This repository explores solutions using Branching Dueling Q-Networks (BDQ) for sequential decision making in the Airbus BelugaXL cargo logistics planning problem. The toolkit is developed to tackle the Airbus Beluga AI Challenge and provides an implementation using a custom reinforcement learning agent.
The logistics problem involves selecting an optimal sequence of actions which could be broken down to choosing the appropriate jig, action, and destination to efficiently load and transport cargo. This repository models the problem as a sequential decision process, where each step (e.g., jig selection, action selection, destination selection) is conditioned on prior decisions (state).
The Branching Q-Network (BDQ) is used to decompose the action space and learn Q-values for each action component separately, allowing for better exploration and evaluation of multi-branch decision spaces.

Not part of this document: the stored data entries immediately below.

(* Let $(X,\mathcal{O})$ be a $\sigma$-compact metrizable space without isolated points and $K$ a partition of $X$ parametrized by a locally finite bi-infinite tree with reference point $(T,\pi,\phi)$. (1) For any metric $d$ on $X$ inducing $\mathcal{O}$ with $\mathrm{diam}(X,d)=\infty$, the function $g_d(w)=\mathrm{diam}(K_w,d)$ is a weight function. (2) For any Radon measure $\mu$ on $(X,\mathcal{O})$ with $\mu(X)=\infty$, $\mu(\{x\})=0$ for all $x$, and $\mu(K_w)>0$ for all $w\in T$, the function $g_\mu(w)=\mu(K_w)$ is a weight function.
   Context: Bi-infinite tree: $T$ countable, $\pi:T\to T$ with (T1) any $w,v$ have $n,m\ge0$ with $\pi^n(w)=\pi^m(v)$, (T2) $\pi^n(w)\ne w$ for $n\ge1$; locally finite: $\pi^{-1}(w)=S(w)$ finite for all $w$. Height $[w]=n-m$ where $\pi^n(w)=\pi^m(\phi)$, $(T)_n=\{w:[w]=n\}$, $\Sigma^*$ = sequences $(\omega_n)_{n\in\mathbb{Z}}$ with $\omega_n\in(T)_n$ and $\pi(\omega_{n+1})=\omega_n$. Partition: $w\mapsto K_w$ nonempty compact subsets of $X$ that are not single points, with (P1) $\bigcup_{v\in S(w)}K_v=K_w$, (P2) $\bigcap_{m\ge0}K_{\omega_m}$ is a single point for every $\omega\in\Sigma^*$, (P3) $\bigcup_{w\in(T)_0}K_w=X$. A weight function is $g:T\to(0,\infty)$ with (G1) $\lim_{n\to\infty}g(\pi^n(\phi))=\infty$, (G2) $g(\pi(w))\ge g(w)$ for all $w$, (G3) $\lim_{m\to\infty}g(\omega_m)=0$ for all $\omega\in\Sigma^*$. *)

theory Defs
  imports "HOL-Analysis.Analysis"
begin

definition bi_infinite_tree :: "'b set \<Rightarrow> ('b \<Rightarrow> 'b) \<Rightarrow> 'b \<Rightarrow> bool" where
  "bi_infinite_tree T \<pi> \<phi> \<longleftrightarrow>
     countable T \<and> \<phi> \<in> T \<and> \<pi> ` T \<subseteq> T \<and>
     (\<forall>w\<in>T. \<forall>v\<in>T. \<exists>n m. (\<pi> ^^ n) w = (\<pi> ^^ m) v) \<and>
     (\<forall>w\<in>T. \<forall>n::nat. n \<ge> 1 \<longrightarrow> (\<pi> ^^ n) w \<noteq> w)"

definition tree_children :: "'b set \<Rightarrow> ('b \<Rightarrow> 'b) \<Rightarrow> 'b \<Rightarrow> 'b set" where
  "tree_children T \<pi> w = {v \<in> T. \<pi> v = w}"

definition locally_finite_tree :: "'b set \<Rightarrow> ('b \<Rightarrow> 'b) \<Rightarrow> bool" where
  "locally_finite_tree T \<pi> \<longleftrightarrow> (\<forall>w\<in>T. finite (tree_children T \<pi> w))"

text \<open>Height [w] = n - m where pi^n(w) = pi^m(phi) (well defined by (T1),(T2)).\<close>
definition tree_height :: "('b \<Rightarrow> 'b) \<Rightarrow> 'b \<Rightarrow> 'b \<Rightarrow> int" where
  "tree_height \<pi> \<phi> w = (THE k. \<exists>n m. (\<pi> ^^ n) w = (\<pi> ^^ m) \<phi> \<and> k = int n - int m)"

definition tree_level :: "'b set \<Rightarrow> ('b \<Rightarrow> 'b) \<Rightarrow> 'b \<Rightarrow> int \<Rightarrow> 'b set" where
  "tree_level T \<pi> \<phi> k = {w \<in> T. tree_height \<pi> \<phi> w = k}"

definition Sigma_star :: "'b set \<Rightarrow> ('b \<Rightarrow> 'b) \<Rightarrow> 'b \<Rightarrow> (int \<Rightarrow> 'b) set" where
  "Sigma_star T \<pi> \<phi> = {\<omega>. (\<forall>n. \<omega> n \<in> tree_level T \<pi> \<phi> n) \<and> (\<forall>n. \<pi> (\<omega> (n + 1)) = \<omega> n)}"

definition tree_partition ::
  "'a topology \<Rightarrow> 'b set \<Rightarrow> ('b \<Rightarrow> 'b) \<Rightarrow> 'b \<Rightarrow> ('b \<Rightarrow> 'a set) \<Rightarrow> bool" where
  "tree_partition X T \<pi> \<phi> K \<longleftrightarrow>
     (\<forall>w\<in>T. K w \<noteq> {} \<and> compactin X (K w) \<and> \<not> (\<exists>x. K w = {x})) \<and>
     (\<forall>w\<in>T. \<Union> (K ` tree_children T \<pi> w) = K w) \<and>
     (\<forall>\<omega>\<in>Sigma_star T \<pi> \<phi>. \<exists>x. (\<Inter>m::nat. K (\<omega> (int m))) = {x}) \<and>
     \<Union> (K ` tree_level T \<pi> \<phi> 0) = topspace X"

definition weight_function :: "'b set \<Rightarrow> ('b \<Rightarrow> 'b) \<Rightarrow> 'b \<Rightarrow> ('b \<Rightarrow> real) \<Rightarrow> bool" where
  "weight_function T \<pi> \<phi> g \<longleftrightarrow>
     (\<forall>w\<in>T. g w > 0) \<and>
     filterlim (\<lambda>n. g ((\<pi> ^^ n) \<phi>)) at_top sequentially \<and>
     (\<forall>w\<in>T. g (\<pi> w) \<ge> g w) \<and>
     (\<forall>\<omega>\<in>Sigma_star T \<pi> \<phi>. (\<lambda>m::nat. g (\<omega> (int m))) \<longlonglongrightarrow> 0)"

definition sigma_compact_space :: "'a topology \<Rightarrow> bool" where
  "sigma_compact_space X \<longleftrightarrow>
     (\<exists>C :: nat \<Rightarrow> 'a set. (\<forall>n. compactin X (C n)) \<and> (\<Union>n. C n) = topspace X)"

definition no_isolated_points :: "'a topology \<Rightarrow> bool" where
  "no_isolated_points X \<longleftrightarrow> (\<forall>x\<in>topspace X. \<not> openin X {x})"

definition mdiam :: "('a \<Rightarrow> 'a \<Rightarrow> real) \<Rightarrow> 'a set \<Rightarrow> ereal" where
  "mdiam d S = (SUP x\<in>S. SUP y\<in>S. ereal (d x y))"

definition borel_of :: "'a topology \<Rightarrow> 'a measure" where
  "borel_of X = sigma (topspace X) {U. openin X U}"

definition radon_measure :: "'a topology \<Rightarrow> 'a measure \<Rightarrow> bool" where
  "radon_measure X \<mu> \<longleftrightarrow>
     space \<mu> = topspace X \<and> sets \<mu> = sets (borel_of X) \<and>
     (\<forall>x\<in>topspace X. \<exists>U. openin X U \<and> x \<in> U \<and> emeasure \<mu> U < \<infinity>) \<and>
     (\<forall>A\<in>sets \<mu>. emeasure \<mu> A = (INF U\<in>{U. openin X U \<and> A \<subseteq> U}. emeasure \<mu> U)) \<and>
     (\<forall>U. openin X U \<longrightarrow> emeasure \<mu> U = (SUP C\<in>{C. compactin X C \<and> C \<subseteq> U}. emeasure \<mu> C))"

end

theory Submission
  imports Defs
begin

text \<open>Both functions have the form \<open>w \<mapsto> f (K w)\<close> for a set function \<open>f\<close> that is monotone on
  compact sets, so (G2) follows from \<open>K w \<subseteq> K (\<pi> w)\<close>. The ancestors \<open>\<pi>\<^sup>n \<phi>\<close> of the
  reference point index an increasing sequence of compact sets exhausting \<open>X\<close>, and along any
  \<open>\<omega> \<in> \<Sigma>\<^sup>*\<close> the sets \<open>K (\<omega> m)\<close> form a decreasing sequence of compact sets shrinking to
  a point. Hence (G1) and (G3) reduce to \<open>f\<close> tending to \<open>\<infinity>\<close> along compact exhaustions
  and to \<open>0\<close> along compact sets shrinking to a point. For the diameter the first holds since
  \<open>X\<close> is unbounded and the second since such sets eventually lie in every ball around the
  limit point; for the measure they are continuity from below and from above, the latter
  applicable because a locally finite measure is finite on compact sets.\<close>

lemma bi_infinite_tree_funpow_in:
  assumes "bi_infinite_tree T \<pi> \<phi>" "w \<in> T"
  shows "(\<pi> ^^ n) w \<in> T"
  using assms by (induction n) (auto simp: bi_infinite_tree_def)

The core implementation of the Branching Q-Network (BDQ) algorithm used for solving the logistics problem.
RL_agent.py
: BDQ agent implementation.prioritised_experience_replay.py
: Prioritised experience replay buffer used for training.Beluga_custom_GYM.py
: Custom GYM environment used to train the BDQ model for the Airbus Beluga cargo logistics problem.
hyperparameters.yaml
contains configuration used for training and evaluation. You can modify these to experiment with different learning rates, batch sizes, discount factors, and more.
Example problem cases for evaluation. Each folder represents a distinct instance of the logistics scheduling problem.
_three_jigs/
_four_jigs/
_six_jigs/
Each directory contains JSON files such as:
problem_s3_j3_r2_oc00_f3.json
problem_s3_j4_r2_oc00_f3.json
which represent logistics problems with different configurations (e.g., number of jigs, racks, etc.).
- Clone the repository:
git clone https://github.com/leonardfelix/Beluga-AI-Challenge-Toolkit-BDQ.git
cd Beluga-AI-Challenge-Toolkit-BDQ
- Install required packages:
pip install -r requirements.txt
- Train and evaluate the BDQ agent:
Modify the hyperparameters.yaml
file if needed and run:
python evaluate_instance.py --input "[folder_name]/[problem_name.json]"
e.g.
python evaluate_instance.py --input "_three_jigs/problem_s3_j3_r2_oc00_f3.json"
This will:
- Load the specified logistics problem.
- Train the BDQ agent on the environment to make sequential decisions.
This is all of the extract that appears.